Voici le dernier texte, inédit, de Marcel Proust. En fait, c'est la plus ancienne version de A la Recherche du temps perdu : les "archives Fallois" ont donné leur dernier mot.
En 1899, Proust a abandonné son roman, Jean Santeuil, et les 75 feuillets, "toilettés", constituent, près de dix années plus tard, son retour à ce genre littéraire, c'est "le roman de 1908".
Dans ces 75 feuillets, il y a tout Proust, déjà.
Le portrait de la mère, la route de Villebon, "quand je fus amoureux pendant les promenades dans ces champs infinis et plats de Meséglise" p. 66). Et puis les "Jeunes filles" : "Un jour sur la plage marchant gravement sur le sable comme deux oiseaux de mer prêts à s'envoler, j'aperçus deux petites filles, deux jeunes filles presque, que leur aspect nouveau, leur toilette inconnue, leur démarche hautaine et délibérée me firent prendre pour deux étrangères que je ne reverrais jamais" (p. 84). Et puis voici les "Noms nobles" : "Chaque nom noble contient dans l'espace coloré de ses syllabes un château où après un chemin difficile l'arrivée est douce par une gaie soirée d'hiver, et tout autour la poésie de son étang et de son église qui à son tour répète bien des fois le nom... " (p. 93). Il y a aussi le Palazzzo Foscari, à Venise : "La-bas, s'élevant de l'eau bleue, approchés, longés, puis dépassés par la gondole ce sont eux qui ont exalté vos rêves comme l'ont fait Anna Karénine ou Julien Sorel. Mais eux vous n'avez pas pu les connaître" (p.106).

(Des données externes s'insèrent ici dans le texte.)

lemma prod_vz_eq_chain_weight:
  "(\<Prod>j\<in>{1..length cs - 1}. vz E p k z (cs ! (j - 1), cs ! j, X (path_index E k x y cs j)))
     = chain_weight z cs"
proof (induction z cs rule: chain_weight.induct)
  case (3 z c c' cs)
  define f where "f cs j = vz E p k z (cs ! (j - 1), cs ! j, X (next_index (cs ! (j - 1))))" for cs j
  have "(\<Prod>j\<in>{1..Suc (length cs)}. f (c # c' # cs) j)
      = f (c # c' # cs) 1 * (\<Prod>j\<in>{Suc 1..Suc (length cs)}. f (c # c' # cs) j)"
    by (rule prod.atLeast_Suc_atMost) simp
  also have "(\<Prod>j\<in>{Suc 1..Suc (length cs)}. f (c # c' # cs) j) = (\<Prod>j\<in>{1..length cs}. f (c # c' # cs) (Suc j))"
    by (rule prod.shift_bounds_cl_Suc_ivl)
  also have "(\<Prod>j\<in>{1..length cs}. f (c # c' # cs) (Suc j)) = (\<Prod>j\<in>{1..length (c' # cs) - 1}. f (c' # cs) j)"
    by (rule prod.cong) (auto simp: f_def nth_Cons split: nat.splits)
  finally show ?case
    using 3 by (simp add: f_def path_index_eq_next_index vnext_def)
qed simp_all

lemma chain_iff_nth:
  "chain cs \<longleftrightarrow> cs \<noteq> [] \<and> last cs \<in> kball y \<and>
     (\<forall>j. Suc j < length cs \<longrightarrow> near_geodesic (cs ! j) \<and> (cs ! j, cs ! Suc j) \<in> Xi E p k (X (next_index (cs ! j))))"
proof (induction cs rule: chain.induct)
  case (3 c c' cs)
  define Q where "Q cs j \<longleftrightarrow> near_geodesic (cs ! j) \<and> (cs ! j, cs ! Suc j) \<in> Xi E p k (X (next_index (cs ! j)))"
    for cs j
  have "(\<forall>j. Suc j < length (c # c' # cs) \<longrightarrow> Q (c # c' # cs) j)
      \<longleftrightarrow> Q (c # c' # cs) 0 \<and> (\<forall>j. Suc j < length (c' # cs) \<longrightarrow> Q (c' # cs) j)"
    using All_less_Suc2[of "length cs" "Q (c # c' # cs)"] by (simp add: Q_def)
  then show ?case
    unfolding chain.simps 3 Q_def by (simp add: conj_ac)
qed simp_all

lemma chains_kball: "c \<in> kball y \<Longrightarrow> chains c b = (if c = b then {[b]} else {})"
  by (auto simp: chains_def near_geodesic_def elim: chain.elims)

lemma chains_near_geodesic:
  assumes c: "near_geodesic c"
  shows "chains c b = (\<lambda>cs. c # cs) ` (\<Union>c'\<in>{c'. (c, c') \<in> Xi E p k (X (next_index c))}. chains c' b)"
proof (intro equalityI subsetI)
  fix cs
  assume "cs \<in> chains c b"
  then show "cs \<in> (\<lambda>cs. c # cs) ` (\<Union>c'\<in>{c'. (c, c') \<in> Xi E p k (X (next_index c))}. chains c' b)"
    using c by (cases cs rule: chain.cases) (auto simp: chains_def near_geodesic_def)
next
  fix cs
  assume "cs \<in> (\<lambda>cs. c # cs) ` (\<Union>c'\<in>{c'. (c, c') \<in> Xi E p k (X (next_index c))}. chains c' b)"
  then obtain c' cs' where "cs = c # c' # cs'" "(c, c') \<in> Xi E p k (X (next_index c))" "c' # cs' \<in> chains c' b"
    by (auto simp: chains_def elim: chain.elims)
  then show "cs \<in> chains c b"
    using c by (auto simp: chains_def)
qed
lemma interpolation_step_count:
  assumes "t \<in> {0..r / (2 * M)}" "t' \<in> {0..r / (2 * M)}" "t \<le> t'"
  defines "k \<equiv> nat \<lfloor>t / h\<rfloor>" and "d \<equiv> nat \<lfloor>t' / h\<rfloor> - nat \<lfloor>t / h\<rfloor>"
  shows "Y t = X k" "Y t' = X (k + d)" "real (k + d) * h \<le> r / (2 * M)"
    "\<bar>real d * h - (t' - t)\<bar> \<le> h"
proof -
  have m: "k \<le> nat \<lfloor>t' / h\<rfloor>" unfolding k_def using step_index_mono[OF assms(3)] .
  then have kd: "k + d = nat \<lfloor>t' / h\<rfloor>" unfolding d_def k_def by simp
  show "Y t = X k" "Y t' = X (k + d)"
    unfolding k_def kd[symmetric] step_interpolation_def k_def by simp_all
  show "real (k + d) * h \<le> r / (2 * M)"
    unfolding kd using nat_floor_divide_bounds(1)[OF h_pos, of t'] assms by auto
  have "t \<ge> 0" "t' \<ge> 0" using assms(1-3) by auto
  then have "real k * h \<le> t" "t < real k * h + h" "real (k + d) * h \<le> t'" "t' < real (k + d) * h + h"
    unfolding kd unfolding k_def by (blast intro: nat_floor_divide_bounds[OF h_pos])+
  then show "\<bar>real d * h - (t' - t)\<bar> \<le> h" by (simp add: algebra_simps)
qed

lemma interpolation_dist_le:
  assumes "t \<in> {0..r / (2 * M)}" "t' \<in> {0..r / (2 * M)}"
  shows "dist (Y t) (Y t') \<le> 2 * M * (\<bar>t - t'\<bar> + h)"
proof -
  have *: "dist (Y t) (Y t') \<le> 2 * M * (t' - t + h)"
    if "t \<in> {0..r / (2 * M)}" "t' \<in> {0..r / (2 * M)}" "t \<le> t'" for t t'
  proof -
    note c = interpolation_step_count[OF that]
    have "dist (Y t) (Y t') \<le> 2 * M * (real (nat \<lfloor>t' / h\<rfloor> - nat \<lfloor>t / h\<rfloor>) * h)"
      using increment_le[OF c(3)] unfolding c(1,2) by (simp add: dist_norm norm_minus_commute)
    also have "\<dots> \<le> 2 * M * (t' - t + h)"
      using c(4) M_ge_1 by (intro mult_left_mono) auto
    finally show ?thesis .
  qed
  show ?thesis
    using *[OF assms] *[OF assms(2,1)] by (cases "t \<le> t'") (auto simp: dist_commute)
qed

lemma interpolation_linearization:
  assumes t: "t \<in> {0..r / (2 * M)}" "t' \<in> {0..r / (2 * M)}" "t \<le> t'"
    and uc: "\<And>q q'. q \<in> K \<Longrightarrow> q' \<in> K \<Longrightarrow> dist q q' < \<delta> \<Longrightarrow> norm (f q - f q') \<le> e"
    and e: "e \<ge> 0" and small: "2 * M * (t' - t + h) < \<delta>"
  shows "norm (Y t' - Y t - (t' - t) *\<^sub>R f (Y t)) \<le> (t' - t + h) * (\<epsilon> + e) + h * M"
proof -
  define k d where "k = nat \<lfloor>t / h\<rfloor>" and "d = nat \<lfloor>t' / h\<rfloor> - nat \<lfloor>t / h\<rfloor>"
  note c = interpolation_step_count[OF t, folded k_def d_def]
  have dh: "real d * h \<le> t' - t + h" using c(4) by linarith
  have "2 * M * (real d * h) \<le> 2 * M * (t' - t + h)"
    by (rule mult_left_mono[OF dh]) (use M_ge_1 in simp)
  then have "2 * M * real d * h < \<delta>" using small by (simp add: mult.assoc)
  then have lin: "norm (X (k + d) - X k - (real d * h) *\<^sub>R f (X k)) \<le> real d * h * (\<epsilon> + e)"
    using increment_linearization[OF uc c(3)] by blast
  have XK: "X k \<in> K" using c(1) interpolation_in_ball[OF t(1)] by simp
  have "Y t' - Y t - (t' - t) *\<^sub>R f (Y t)
      = (X (k + d) - X k - (real d * h) *\<^sub>R f (X k)) + (real d * h - (t' - t)) *\<^sub>R f (X k)"
    unfolding c(1,2) by (simp add: algebra_simps)
  then have "norm (Y t' - Y t - (t' - t) *\<^sub>R f (Y t))
      \<le> norm (X (k + d) - X k - (real d * h) *\<^sub>R f (X k)) + \<bar>real d * h - (t' - t)\<bar> * norm (f (X k))"
    by (metis norm_scaleR norm_triangle_ineq)
  also have "\<dots> \<le> (t' - t + h) * (\<epsilon> + e) + h * M"
    using lin mult_right_mono[OF dh, of "\<epsilon> + e"] \<epsilon>_nonneg e c(4) f_bounded[OF XK]
    by (intro add_mono mult_mono) auto
  finally show ?thesis .
qed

Ainsi, se raconte A la recherche du temps perdu. Ces pages sont suivies de manuscrits "choisis en fonction de leur portée génétique" (c'est l'expression de Nathalie Mauriac Dyer qui en a établi l'édition de Gallimard). "Chaque jour j'attache moins de prix à l'intelligence. Chaque jour je me rends mieux compte que ce n'est qu'en dehors d'elle que l'écrivain peut ressaisir quelque chose de nos impressions passées, c'est-à-dire atteindre quelque chose de lui-même et la seule matière de l'art" (p. 136). Le judaïsme de Proust ? Quelques mots qui en disent long : les humiliations qu'"Il est bien rare qu'un Juif n'ait pas éprouvées dans son enfance, voire les a éprouvées parce que juif lui-même" (p. 218).
Le livre se lit comme un livre que l'on relit, heureux de retrouver les pensées de notre héro, d'en découvrir un passé, des hésitations, des changements. C'est à la fois l'occasion d'un retour à Proust pour ceux qui l'ont lu déjà, d'un retour par petites touches, quelques pages parcourues de temps en temps qui peuvent donner envie de lire ou relire la recherche.
Inutile de rappeler que les étudiants et les profs de classes préparatoires littéraires y trouveront aussi de quoi alimenter quelque dissertation, peupler leurs discussions.